New Republican AG noncommittal on fighting EPA regulations


By Chris Butler | Tennessee Watchdog

NASHVILLE — Tennessee’s new attorney general, a Republican, appears as non-committal as his Democratic predecessor on fighting proposed EPA regulations directing states to reduce carbon dioxide emissions from power plants by 30 percent.

Attorneys general in states such as Texas and Oklahoma have already vowed to fight those regulations.

Last month, the Tennessee Supreme Court appointed Republican Herbert Slattery to replace Bob Cooper.

Earlier this month, the Boston-based NERA, an international economic consulting group, released a study for various coal and farming industry interests showing the EPA’s plan would cost Tennessee more than $366 billion.

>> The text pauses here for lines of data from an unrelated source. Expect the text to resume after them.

definition triple_product_sum :: "'a::comm_ring_1 \<Rightarrow> nat \<Rightarrow> nat \<Rightarrow> 'a" where
  "triple_product_sum x m n =
     (\<Sum>j\<le>m + n. (-1) ^ (j + m) * x ^ nat ((int j - int m)\<^sup>2) * q_binomial (x\<^sup>2) (m + n) j)"

lemma triple_product_sum_0: "triple_product_sum x 0 n = odd_q_pochhammer x n"
proof -
  have "odd_q_pochhammer x n = (\<Prod>i<n. 1 + (-x) * x ^ (2 * i))"
    unfolding odd_q_pochhammer_def by (simp add: power_add mult.commute)
  also have "\<dots> = (\<Sum>j\<le>n. x ^ (j * (j - 1)) * q_binomial (x\<^sup>2) n j * (-x) ^ j)"
    by (rule q_binomial_theorem)
  also have "\<dots> = triple_product_sum x 0 n"
    unfolding triple_product_sum_def add_0 add_0_right
  proof (intro sum.cong refl)
    fix j :: nat
    have "nat ((int j - int 0)\<^sup>2) = j\<^sup>2"
      by (simp flip: of_nat_power)
    also have "\<dots> = j * (j - 1) + j"
      by (cases j) (simp_all add: power2_eq_square)
    finally have "x ^ nat ((int j - int 0)\<^sup>2) = x ^ (j * (j - 1)) * x ^ j"
      by (simp only: power_add)
    then show "x ^ (j * (j - 1)) * q_binomial (x\<^sup>2) n j * (-x) ^ j
        = (-1) ^ j * x ^ nat ((int j - int 0)\<^sup>2) * q_binomial (x\<^sup>2) n j"
      unfolding power_minus[of x j] by (simp only: mult_ac)
  qed
  finally show ?thesis ..
qed

lemma triple_product_sum_Suc:
  "triple_product_sum x (Suc m) n = (1 - x ^ (2 * m + 1)) * triple_product_sum x m n"
proof -
  let ?s = "\<lambda>j. (-1) ^ (j + Suc m) * x ^ nat ((int j - int (Suc m))\<^sup>2)"
  let ?Q = "q_binomial (x\<^sup>2) (m + n)"
  have "triple_product_sum x (Suc m) n
      = (\<Sum>j\<le>Suc (m + n). ?s j * (if j = 0 then 0 else ?Q (j - 1)))
      + (\<Sum>j\<le>Suc (m + n). ?s j * ((x\<^sup>2) ^ j * ?Q j))"
    unfolding triple_product_sum_def by (simp only: add_Suc q_binomial_Suc distrib_left sum.distrib)
  also have "(\<Sum>j\<le>Suc (m + n). ?s j * (if j = 0 then 0 else ?Q (j - 1))) = triple_product_sum x m n"
    by (subst sum.atMost_Suc_shift) (simp add: triple_product_sum_def)
  also have "(\<Sum>j\<le>Suc (m + n). ?s j * ((x\<^sup>2) ^ j * ?Q j)) = (\<Sum>j\<le>m + n. ?s j * ((x\<^sup>2) ^ j * ?Q j))"
    by (simp add: q_binomial_eq_0)
  also have "\<dots> = - (x ^ (2 * m + 1)) * triple_product_sum x m n"
    unfolding triple_product_sum_def sum_distrib_left
  proof (intro sum.cong refl)
    fix j :: nat
    have "(int j - int (Suc m))\<^sup>2 + 2 * int j = (int j - int m)\<^sup>2 + (2 * int m + 1)"
      by (simp add: power2_eq_square algebra_simps)
    then have "int (nat ((int j - int (Suc m))\<^sup>2) + 2 * j) = int (nat ((int j - int m)\<^sup>2) + (2 * m + 1))"
      by simp
    then have "nat ((int j - int (Suc m))\<^sup>2) + 2 * j = nat ((int j - int m)\<^sup>2) + (2 * m + 1)"
      by (simp only: of_nat_eq_iff)
    then have "x ^ nat ((int j - int (Suc m))\<^sup>2) * (x\<^sup>2) ^ j = x ^ nat ((int j - int m)\<^sup>2) * x ^ (2 * m + 1)"
      by (metis power_add power_mult)
    then have "?s j * ((x\<^sup>2) ^ j * ?Q j)
        = (-1) ^ (j + Suc m) * (x ^ nat ((int j - int m)\<^sup>2) * x ^ (2 * m + 1)) * ?Q j"
      by (metis mult.assoc)
    then show "?s j * ((x\<^sup>2) ^ j * ?Q j)
        = - (x ^ (2 * m + 1)) * ((-1) ^ (j + m) * x ^ nat ((int j - int m)\<^sup>2) * ?Q j)"
      by (simp add: mult_ac)
  qed
  finally show ?thesis by (simp add: algebra_simps)
qed

theorem odd_q_pochhammer_mult:
  "odd_q_pochhammer x m * odd_q_pochhammer x n = triple_product_sum x m n"
  by (induction m) (simp_all add: triple_product_sum_0 triple_product_sum_Suc odd_q_pochhammer_def algebra_simps)

lemma q_pochhammer_double_square:
  "q_pochhammer x (2 * n) ^ 2 = triple_product_sum x n n * q_pochhammer (x\<^sup>2) n ^ 2"
  by (simp add: power_mult_distrib power2_eq_square[of "odd_q_pochhammer x n"]
      flip: odd_q_pochhammer_mult_q_pochhammer odd_q_pochhammer_mult)

definition fps_cong :: "nat \<Rightarrow> 'a::comm_ring_1 fps \<Rightarrow> 'a fps \<Rightarrow> bool" where
  "fps_cong N f g \<longleftrightarrow> fps_X ^ N dvd f - g"

lemma fps_X_power_dvd_iff: "fps_X ^ N dvd (f :: 'a::comm_ring_1 fps) \<longleftrightarrow> (\<forall>i<N. f $ i = 0)"
proof
  assume "\<forall>i<N. f $ i = 0"
  then have "f = fps_X ^ N * fps_shift N f"
    by (intro fps_ext) (simp add: fps_X_power_mult_nth)
  then show "fps_X ^ N dvd f"
    by (metis dvd_triv_left)
qed (auto simp: fps_X_power_mult_nth)

lemma fps_cong_iff_nth: "fps_cong N f g \<longleftrightarrow> (\<forall>i<N. f $ i = g $ i)"
  by (simp add: fps_cong_def fps_X_power_dvd_iff)

lemma fps_cong_refl [simp]: "fps_cong N f f"
  by (simp add: fps_cong_iff_nth)

lemma fps_cong_sym: "fps_cong N f g \<Longrightarrow> fps_cong N g f"
  by (simp add: fps_cong_iff_nth)

lemma fps_cong_trans [trans]: "fps_cong N f g \<Longrightarrow> fps_cong N g h \<Longrightarrow> fps_cong N f h"
  by (simp add: fps_cong_iff_nth)

lemma fps_cong_mult: "fps_cong N f g \<Longrightarrow> fps_cong N f' g' \<Longrightarrow> fps_cong N (f * f') (g * g')"
  unfolding fps_cong_def
  by (metis (no_types, lifting) dvd_add dvd_mult dvd_mult2 mult_diff_mult)

lemma fps_cong_sum:
  "(\<And>j. j \<in> A \<Longrightarrow> fps_cong N (f j) (g j)) \<Longrightarrow> fps_cong N (\<Sum>j\<in>A. f j) (\<Sum>j\<in>A. g j)"
  unfolding fps_cong_def by (simp add: dvd_sum flip: sum_subtractf)

lemma fps_cong_X_power_mult: "N \<le> e \<Longrightarrow> fps_cong N (fps_X ^ e * f) (fps_X ^ e * g)"
  unfolding fps_cong_def by (metis le_imp_power_dvd dvd_mult2 right_diff_distrib)

lemma fps_cong_1_minus_X_power: "N \<le> e \<Longrightarrow> fps_cong N (1 - fps_X ^ e) 1"
  unfolding fps_cong_def by (simp add: le_imp_power_dvd)

lemma fps_eqI_cong: "(\<And>d. fps_cong (Suc d) f g) \<Longrightarrow> f = g"
  by (meson fps_cong_iff_nth fps_ext lessI)

lemma q_pochhammer_fps_X_power_cong:
  assumes "k \<ge> 1" "d \<le> n"
  shows "fps_cong (Suc d) (q_pochhammer (fps_X ^ k :: 'a::comm_ring_1 fps) n) (q_pochhammer (fps_X ^ k) d)"
  using assms(2)
proof (induction n rule: dec_induct)
  case (step n)
  have "Suc d \<le> k * Suc n"
    using step.hyps assms(1) by (metis Suc_le_mono le_trans mult_le_mono1 mult_1)
  then have "fps_cong (Suc d) (1 - (fps_X ^ k) ^ Suc n) (1 :: 'a fps)"
    unfolding power_mult[symmetric] by (rule fps_cong_1_minus_X_power)
  from fps_cong_mult[OF step.IH this] show ?case
    by (simp add: q_pochhammer_Suc)
qed simp

lemma euler_fps_cong:
  assumes "k \<ge> 1" "d \<le> n"
  shows "fps_cong (Suc d) (euler_fps k) (q_pochhammer (fps_X ^ k) n)"
  unfolding fps_cong_iff_nth
proof (intro allI impI)
  fix i assume "i < Suc d"
  have "euler_fps k $ i = q_pochhammer (fps_X ^ k) i $ i"
    by (simp add: euler_fps_def q_pochhammer_def power_mult)
  also have "\<dots> = q_pochhammer (fps_X ^ k) n $ i"
  proof -
    have "i \<le> n" using \<open>i < Suc d\<close> assms(2) by simp
    with q_pochhammer_fps_X_power_cong[OF assms(1)]
    have "fps_cong (Suc i) (q_pochhammer (fps_X ^ k) n) (q_pochhammer (fps_X ^ k) i)" .
    then show ?thesis
      unfolding fps_cong_iff_nth by (metis lessI)
  qed
  finally show "euler_fps k $ i = q_pochhammer (fps_X ^ k) n $ i" .
qed

lemma sum_atMost_double_reflect:
  fixes g :: "nat \<Rightarrow> 'a::comm_semiring_1"
  shows "(\<Sum>j\<le>2 * n. g (nat \<bar>int j - int n\<bar>)) = g 0 + 2 * (\<Sum>s=1..n. g s)"
proof -
  have split: "{..2 * n} = {..<n} \<union> {n..n + n}" by auto
  have low: "(\<Sum>j<n. g (nat \<bar>int j - int n\<bar>)) = (\<Sum>s=1..n. g s)"
    by (rule sum.reindex_bij_witness[of _ "\<lambda>s. n - s" "\<lambda>j. n - j"]) (auto simp: nat_diff_distrib')
  have high: "(\<Sum>j=n..n + n. g (nat \<bar>int j - int n\<bar>)) = (\<Sum>s\<le>n. g s)"
    by (rule sum.reindex_bij_witness[of _ "\<lambda>s. s + n" "\<lambda>j. j - n"]) (auto simp: nat_diff_distrib')
  have "(\<Sum>j\<le>2 * n. g (nat \<bar>int j - int n\<bar>))
      = (\<Sum>j<n. g (nat \<bar>int j - int n\<bar>)) + (\<Sum>j=n..n + n. g (nat \<bar>int j - int n\<bar>))"
    unfolding split by (rule sum.union_disjoint) auto
  also have "\<dots> = (\<Sum>s=1..n. g s) + (\<Sum>s\<le>n. g s)"
    by (simp only: low high)
  also have "(\<Sum>s\<le>n. g s) = g 0 + (\<Sum>s=1..n. g s)"
    by (simp add: atMost_atLeast0 sum.atLeast_Suc_atMost)
  finally show ?thesis
    by (simp add: mult_2 add_ac)
qed

definition theta_tail :: "nat \<Rightarrow> int fps" where
  "theta_tail k = Abs_fps (\<lambda>t. \<Sum>s | 0 < s \<and> k * s\<^sup>2 = t. (-1) ^ s)"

SLATTERY: Last month, the Tennessee Supreme Court appointed Republican Herbert Slattery to replace Bob Cooper.

The report said the regulations would force the average Tennesseans’ electricity rates to increase 17 percent.

Slattery’s spokeswoman, Leigh Ann Apple Jones, had little to say in an emailed statement.

“This office continues to consult with our client, TN Dept of Environment and Conservation, regarding the proposed guidelines,” Jones said.

As reported, in Tennessee the EPA regulations would only seem to affect the Tennessee Valley Authority, which provides electricity to 9 million people in seven southeastern states, including most of Tennessee’s 95 counties, according to its website.

The TVA is a corporation owned by the U.S. government operating six coal-fired power plants in Allen, Bull Run, Cumberland, Gallatin, Johnsonville and Kingston.

TVA officials said they’ve already reduced carbon emissions by 30 percent below 2005 levels — but they would not comment to Tennessee Watchdog in June about the newly proposed regulations’ impact on jobs or electricity rates.

One member of Tennessee’s General Assembly, Glen Casada, R-Franklin, said in June he found the regulations so disturbing he wanted the Legislature to order the attorney general — then Cooper — to take action against the EPA.

Casada told Tennessee Watchdog this week he’s still working on legislation that would do just that, regardless of who occupies the AG chair.

“At this point I don’t know what the new attorney general might do,” Casada said.

COAL EMISSIONS: A TVA power plant in Kentucky.

“But Tennessee law clearly says that the attorney general would have to go through with it if the Legislature said he had to.”

Tennessee Department of Environment and Conservation spokeswoman Kelly Brockman said Friday public comment on the proposed regulations is scheduled to end Dec. 1.

“At this time, TDEC is continuing to work on our comments,” Brockman said in an emailed statement.

“The EPA plans to issue the final guidelines by next summer. If this happens, states will have at least one year to submit a plan to the EPA on how each state would meet these requirements.”

Scott Banbury, spokesman for the Tennessee chapter of the Sierra Club, said in June that new alternative energies will counteract any concerns state officials have about the new regulations killing jobs.